* [Requirement]:
Count, in the entries below, the lines in which "simp" occurs. Give the number, nothing more.
◇ ◇ ◇ ◇ ◇
lemma tendsto_zero_if_solution_tendsto_zero:
  assumes x: "(x \<longlongrightarrow> 0) at_top" and x': "(x' \<longlongrightarrow> 0) at_top"
  shows "(y \<longlongrightarrow> 0) at_top"
    and "((\<lambda>t. integral {0..t} (\<lambda>s. Efun p t s * L1 \<omega> t s * y s)) \<longlongrightarrow> 0) at_top"
    and "((\<lambda>t. integral {0..t} (\<lambda>s. Efun p t s * L2 \<omega> t s * y s)) \<longlongrightarrow> 0) at_top"
proof -
  have ev: "\<forall>\<^sub>F t in at_top. 0 \<le> (t::real)" by (rule eventually_ge_at_top)
  have "((\<lambda>t. x' t - \<omega>^2 * x t + p t * x t
      - integral {0..t} (\<lambda>s. exp (- (\<omega>^2) * (t - s)) * (\<omega>^2 * p s + p' s - \<omega>^4 - \<omega>^2) * x s))
      \<longlongrightarrow> 0) at_top"
    using tendsto_diff[OF tendsto_add[OF tendsto_diff[OF x' tendsto_mult_right_zero[OF x]] p_mult_tendsto_zero[OF x]]
        exp_kernel_integral_tendsto_zero[OF x]] by simp
  then show y: "(y \<longlongrightarrow> 0) at_top"
    by (rule Lim_transform_eventually) (use ev in \<open>eventually_elim, simp add: y_representation\<close>)
  have "((\<lambda>t. x t
      + integral {0..t} (\<lambda>s. Efun p t s * p s * (sin (\<omega> * (t - s)) / \<omega>) * y s) / 2
      - integral {0..t} (\<lambda>s. Efun p t s * q s * (sin (\<omega> * (t - s)) / \<omega>) * x s)) \<longlongrightarrow> 0) at_top"
    using tendsto_diff[OF tendsto_add[OF x y_remainders_tendsto_zero(1)[OF y]] x_remainders_tendsto_zero(1)[OF x]]
    by simp
  then show "((\<lambda>t. integral {0..t} (\<lambda>s. Efun p t s * L1 \<omega> t s * y s)) \<longlongrightarrow> 0) at_top"
    by (rule Lim_transform_eventually) (use ev in \<open>eventually_elim, simp add: x_representation\<close>)
  have "((\<lambda>t. x' t + p t * x t / 2 - y t
      + integral {0..t} (\<lambda>s. Efun p t s * p s * cos (\<omega> * (t - s)) * y s) / 2
      - integral {0..t} (\<lambda>s. Efun p t s * q s * cos (\<omega> * (t - s)) * x s)) \<longlongrightarrow> 0) at_top"
    using tendsto_diff[OF tendsto_add[OF tendsto_diff[OF tendsto_add[OF x'
        tendsto_divide_zero[OF p_mult_tendsto_zero[OF x]]] y] y_remainders_tendsto_zero(2)[OF y]]
        x_remainders_tendsto_zero(2)[OF x]] by simp
  then show "((\<lambda>t. integral {0..t} (\<lambda>s. Efun p t s * L2 \<omega> t s * y s)) \<longlongrightarrow> 0) at_top"
    by (rule Lim_transform_eventually) (use ev in \<open>eventually_elim, simp add: x'_representation\<close>)
qed

lemma abs_x_le_volterra:
  assumes t: "0 \<le> t"
  shows "\<bar>x t\<bar> \<le> \<bar>integral {0..t} (\<lambda>s. Efun p t s * L1 \<omega> t s * y s)
      - integral {0..t} (\<lambda>s. Efun p t s * p s * (sin (\<omega> * (t - s)) / \<omega>) * y s) / 2\<bar>
      + integral {0..t} (\<lambda>s. Efun p t s * (\<bar>q s\<bar> / \<omega>) * \<bar>x s\<bar>)"
proof -
  have "norm (integral {0..t} (\<lambda>s. Efun p t s * q s * (sin (\<omega> * (t - s)) / \<omega>) * x s))
      \<le> integral {0..t} (\<lambda>s. Efun p t s * (\<bar>q s\<bar> / \<omega>) * \<bar>x s\<bar>)"
  proof (rule integral_norm_bound_integral)
    fix s assume "s \<in> {0..t}"
    have "\<bar>q s\<bar> * \<bar>sin (\<omega> * (t - s))\<bar> \<le> \<bar>q s\<bar>"
      by (rule mult_right_le_one_le) auto
    then show "norm (Efun p t s * q s * (sin (\<omega> * (t - s)) / \<omega>) * x s) \<le> Efun p t s * (\<bar>q s\<bar> / \<omega>) * \<bar>x s\<bar>"
      using Efun_pos[of t s] omega_pos
      by (simp add: abs_mult divide_right_mono mult_left_mono mult_right_mono)
  qed (use omega_pos in \<open>auto intro!: integrable_continuous_interval continuous_intros\<close>)
  then show ?thesis
    using x_representation[OF t] unfolding real_norm_def by linarith
qed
◇ ◇ ◇ ◇ ◇
* [Result for this task]:
7